I don't know which format you speak of here or if you had to write
something for the text blast changes or something else. Specific bug
reports on formats that aren't working is always helpful. The XML format
has been pretty stable so I would suggest that if you are simply parsing
reports not looking at them.
Chris posted instructions on how to contribute and the move to github
simplifies this. That you had to write a whole new parser seems probably
a bit severe - I hope that in the future people can speak to the problems
sooner.

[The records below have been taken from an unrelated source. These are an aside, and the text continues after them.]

(* For every $b'>b>0$ and $a>0$, one has $$\mathbf{B}'_{a,b}\;\stackrel{d}{=}\;\mathbf{B}'_{a,b'}\times\left(1+\mathbf{B}'_{b'-b,b}\right),$$ where the two random variables on the right-hand side are independent.
   Context: For $p,q>0$, $\mathbf{B}'_{p,q}$ denotes a beta prime random variable with density $\frac{\Gamma(p+q)}{\Gamma(p)\Gamma(q)}\frac{x^{p-1}}{(1+x)^{p+q}}$ on $(0,\infty)$. $\stackrel{d}{=}$ denotes equality in distribution. *)

theory Defs
  imports "HOL-Probability.Probability"
begin

definition beta_prime_density :: "real \<Rightarrow> real \<Rightarrow> real \<Rightarrow> real" where
  "beta_prime_density p q x =
     (if x > 0 then Gamma (p + q) / (Gamma p * Gamma q) * x powr (p - 1) / (1 + x) powr (p + q)
      else 0)"

end

theory Submission
  imports Defs
begin

(* By independence, X * W with W = 1 + Y > 0 has the multiplicative convolution density
   z \<mapsto> \<integral> f\<^sub>X (z / w) f\<^sub>W w / w dw.  For beta prime densities the integrand is, up to
   the constant z^(a-1) / (B(a, b') B(b' - b, b)), the kernel (w - 1)^(b'-b-1) / (z + w)^(a+b'),
   whose integral is (1 + z)^(-(a+b)) B(b' - b, a + b): write 1 / (k + y)^s as a Gamma integral
   and apply Fubini.  The identity B(a, b') B(b' - b, b) = B(a, b) B(b' - b, a + b) leaves exactly
   the beta prime density with parameters a, b. *)

lemma nn_integral_lborel_scale:
  fixes h :: "real \<Rightarrow> ennreal" and c :: real
  assumes [measurable]: "h \<in> borel_measurable borel" and c: "0 < c"
  shows "(\<integral>\<^sup>+x. h (x * c) \<partial>lborel) = (\<integral>\<^sup>+z. h z / ennreal c \<partial>lborel)"
proof -
  have "(\<integral>\<^sup>+z. h z / ennreal c \<partial>lborel) = ennreal c * (\<integral>\<^sup>+x. h (c * x) / ennreal c \<partial>lborel)"
    using nn_integral_real_affine[of "\<lambda>z. h z / ennreal c" c 0] c by simp
  also have "\<dots> = ennreal c * (\<integral>\<^sup>+x. h (x * c) \<partial>lborel) / ennreal c"
    by (simp add: nn_integral_divide ennreal_times_divide mult.commute)
  also have "\<dots> = (\<integral>\<^sup>+x. h (x * c) \<partial>lborel)"
    using c by (metis ennreal_eq_0_iff ennreal_neq_top mult.commute mult_divide_eq_ennreal not_le)
  finally show ?thesis ..
qed

lemma (in prob_space) distributed_mult_convolution:
  fixes f g :: "real \<Rightarrow> ennreal"
  assumes indep: "indep_var borel X borel W"
    and X: "distributed M lborel X f" and W: "distributed M lborel W g"
    and g_nonpos: "\<And>w. w \<le> 0 \<Longrightarrow> g w = 0"
  shows "distributed M lborel (\<lambda>\<omega>. X \<omega> * W \<omega>) (\<lambda>z. \<integral>\<^sup>+w. f (z / w) * g w / ennreal w \<partial>lborel)"
    (is "distributed M lborel ?Z ?h")
  unfolding distributed_def
proof safe
  have [measurable]: "f \<in> borel_measurable borel" "g \<in> borel_measurable borel"
    "X \<in> borel_measurable M" "W \<in> borel_measurable M"
    using X W by (simp_all add: distributed_def)
  show "?h \<in> borel_measurable lborel" by measurable
  show "random_variable lborel ?Z" by measurable
  have "indep_var lborel X lborel W"
    using indep by (simp add: indep_var_def indep_vars_def bool.case_eq_if)
  then have joint: "distributed M (lborel \<Otimes>\<^sub>M lborel) (\<lambda>\<omega>. (X \<omega>, W \<omega>)) (\<lambda>(x, w). f x * g w)"
    using X W by (intro distributed_joint_indep) (simp_all add: lborel.sigma_finite_measure_axioms)
  show "distr M lborel ?Z = density lborel ?h"
  proof (rule measure_eqI)
    fix A assume "A \<in> sets (distr M lborel ?Z)"
    then have [measurable]: "A \<in> sets borel" by simp
    have slice: "(\<integral>\<^sup>+x. f x * g w * indicator A (x * w) \<partial>lborel)
        = (\<integral>\<^sup>+z. f (z / w) * g w / ennreal w * indicator A z \<partial>lborel)" for w
    proof (cases "0 < w")
      case True
      then show ?thesis
        using nn_integral_lborel_scale[of "\<lambda>z. f (z / w) * g w * indicator A z" w]
        by (simp add: ennreal_times_divide mult_ac)
    qed (simp add: g_nonpos)
    have "emeasure (distr M lborel ?Z) A = (\<integral>\<^sup>+z. indicator A z \<partial>distr M lborel ?Z)"
      by (rule nn_integral_indicator[symmetric]) simp
    also have "\<dots> = (\<integral>\<^sup>+\<omega>. indicator A (X \<omega> * W \<omega>) \<partial>M)"
      by (rule nn_integral_distr) measurable
    also have "\<dots> = (\<integral>\<^sup>+p. (\<lambda>(x, w). f x * g w) p * (\<lambda>(x, w). indicator A (x * w)) p \<partial>(lborel \<Otimes>\<^sub>M lborel))"
      by (subst distributed_nn_integral[OF joint]) auto
    also have "\<dots> = (\<integral>\<^sup>+w. \<integral>\<^sup>+x. f x * g w * indicator A (x * w) \<partial>lborel \<partial>lborel)"
      by (subst lborel_pair.nn_integral_snd[symmetric]) (auto simp: case_prod_beta)
    also have "\<dots> = (\<integral>\<^sup>+w. \<integral>\<^sup>+z. f (z / w) * g w / ennreal w * indicator A z \<partial>lborel \<partial>lborel)"
      by (simp add: slice)
    also have "\<dots> = (\<integral>\<^sup>+z. \<integral>\<^sup>+w. f (z / w) * g w / ennreal w * indicator A z \<partial>lborel \<partial>lborel)"
      by (rule lborel_pair.Fubini') measurable
    also have "\<dots> = emeasure (density lborel ?h) A"
      by (simp add: emeasure_density nn_integral_multc)
    finally show "emeasure (distr M lborel ?Z) A = emeasure (density lborel ?h) A" .
  qed simp
qed

lemma nn_integral_powr_exp:
  fixes l p :: real
  assumes l: "0 < l" and p: "0 < p"
  shows "(\<integral>\<^sup>+t. ennreal (indicator {0<..} t * t powr (p - 1) * exp (- (l * t))) \<partial>lborel)
    = ennreal (Gamma p / l powr p)"
    (is "?I = _")
proof -
  have Gamma_integrand: "indicator {0..} t * t powr (p - 1) / exp t = indicator {0<..} t * t powr (p - 1) * exp (- t)"
    for t :: real
    by (cases "t = 0") (auto simp: indicator_def exp_minus divide_inverse)
  have "ennreal (Gamma p) = (\<integral>\<^sup>+t. ennreal (indicator {0<..} t * t powr (p - 1) * exp (- t)) \<partial>lborel)"
    unfolding Gamma_conv_nn_integral_real[OF p] Gamma_integrand ..
  also have "\<dots> = ennreal l * (\<integral>\<^sup>+x. ennreal (indicator {0<..} (l * x) * (l * x) powr (p - 1) * exp (- (l * x))) \<partial>lborel)"
    using nn_integral_real_affine[of "\<lambda>t. ennreal (indicator {0<..} t * t powr (p - 1) * exp (- t))" l 0] l
    by simp
  also have "(\<integral>\<^sup>+x. ennreal (indicator {0<..} (l * x) * (l * x) powr (p - 1) * exp (- (l * x))) \<partial>lborel)
      = (\<integral>\<^sup>+x. ennreal (l powr (p - 1)) * ennreal (indicator {0<..} x * x powr (p - 1) * exp (- (l * x))) \<partial>lborel)"
    using l by (intro nn_integral_cong) (simp add: indicator_def zero_less_mult_iff powr_mult ennreal_mult'[symmetric])
  also have "\<dots> = ennreal (l powr (p - 1)) * ?I"
    by (rule nn_integral_cmult) simp
  finally have "ennreal (Gamma p) = (ennreal l * ennreal (l powr (p - 1))) * ?I"
    by (simp only: mult.assoc)
  also have "ennreal l * ennreal (l powr (p - 1)) = ennreal (l powr p)"
    using l by (simp add: ennreal_mult[symmetric] powr_mult_base)
  finally have "ennreal (Gamma p) / ennreal (l powr p) = ?I"
    using l by (simp add: mult.commute[of _ ?I] mult_divide_eq_ennreal)
  then show ?thesis
    using l p by (simp add: divide_ennreal Gamma_real_pos less_imp_le)
qed

lemma nn_integral_beta_prime_kernel:
  fixes k c s :: real
  assumes k: "0 < k" and c: "0 < c" and cs: "c < s"
  shows "(\<integral>\<^sup>+y. ennreal (indicator {0<..} y * y powr (c - 1) / (k + y) powr s) \<partial>lborel)
    = ennreal (k powr (c - s) * Beta c (s - c))"
proof -
  have s: "0 < s" and Gamma_s: "0 < Gamma s"
    using c cs by (simp_all add: Gamma_real_pos)
  define H where "H y u = ennreal (indicator {0<..} y * y powr (c - 1) / Gamma s) *
      ennreal (indicator {0<..} u * u powr (s - 1) * exp (- ((k + y) * u)))" for y u :: real
  have [measurable]: "(\<lambda>(y, u). H y u) \<in> borel_measurable (lborel \<Otimes>\<^sub>M lborel)"
    unfolding H_def by measurable
  have inner_u: "(\<integral>\<^sup>+u. H y u \<partial>lborel) = ennreal (indicator {0<..} y * y powr (c - 1) / (k + y) powr s)"
    for y
  proof (cases "0 < y")
    case True
    have "(\<integral>\<^sup>+u. H y u \<partial>lborel) = ennreal (y powr (c - 1) / Gamma s) *
        (\<integral>\<^sup>+u. ennreal (indicator {0<..} u * u powr (s - 1) * exp (- ((k + y) * u))) \<partial>lborel)"
      unfolding H_def using True by (simp add: nn_integral_cmult)
    also have "\<dots> = ennreal (y powr (c - 1) / Gamma s) * ennreal (Gamma s / (k + y) powr s)"
      using True k s by (simp add: nn_integral_powr_exp)
    finally show ?thesis
      using True Gamma_s by (simp add: ennreal_mult'[symmetric])
  qed (simp add: H_def)
  have inner_y: "(\<integral>\<^sup>+y. H y u \<partial>lborel) = ennreal (Gamma c / Gamma s) *
      ennreal (indicator {0<..} u * u powr (s - c - 1) * exp (- (k * u)))" for u
  proof (cases "0 < u")
    case True
    have "(\<integral>\<^sup>+y. H y u \<partial>lborel) = ennreal (u powr (s - 1) * exp (- (k * u)) / Gamma s) *
        (\<integral>\<^sup>+y. ennreal (indicator {0<..} y * y powr (c - 1) * exp (- (u * y))) \<partial>lborel)"
      unfolding H_def using True Gamma_s
      by (subst nn_integral_cmult[symmetric], simp, intro nn_integral_cong)
         (simp add: ennreal_mult'[symmetric] indicator_def distrib_right mult_exp_exp algebra_simps)
    also have "\<dots> = ennreal (u powr (s - 1) * exp (- (k * u)) / Gamma s) * ennreal (Gamma c / u powr c)"
      using True c by (simp add: nn_integral_powr_exp)
    finally show ?thesis
      using True Gamma_s c
      by (simp add: ennreal_mult'[symmetric] Gamma_real_pos powr_diff powr_mult_base field_simps)
  qed (simp add: H_def)
  have "(\<integral>\<^sup>+y. ennreal (indicator {0<..} y * y powr (c - 1) / (k + y) powr s) \<partial>lborel)
      = (\<integral>\<^sup>+y. \<integral>\<^sup>+u. H y u \<partial>lborel \<partial>lborel)"
    by (simp add: inner_u)
  also have "\<dots> = (\<integral>\<^sup>+u. \<integral>\<^sup>+y. H y u \<partial>lborel \<partial>lborel)"
    by (rule lborel_pair.Fubini') simp
  also have "\<dots> = ennreal (Gamma c / Gamma s) *
      (\<integral>\<^sup>+u. ennreal (indicator {0<..} u * u powr (s - c - 1) * exp (- (k * u))) \<partial>lborel)"
    by (simp add: inner_y nn_integral_cmult)
  also have "\<dots> = ennreal (Gamma c / Gamma s) * ennreal (Gamma (s - c) / k powr (s - c))"
    using k cs by (simp add: nn_integral_powr_exp)
  also have "\<dots> = ennreal (k powr (c - s) * Beta c (s - c))"
    using Gamma_s c cs k
    by (simp add: ennreal_mult'[symmetric] Beta_def Gamma_real_pos powr_diff field_simps)
  finally show ?thesis .
qed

If I hit a wall with something I can't do I usually write the code
to fix it and contribute it back but I don't play follow-the-format-changes
with the tools anymore, but hopefully others like yourself can make the
If you speak to the response I made to the question below, I don't think
anyone will be trying and support the NCBI's additional markups that refer
to the upstream and downstream features as they are laid out in the text
files without some serious effort. Perhaps in the future that information
will be reported in the XML format and thus be more parseable.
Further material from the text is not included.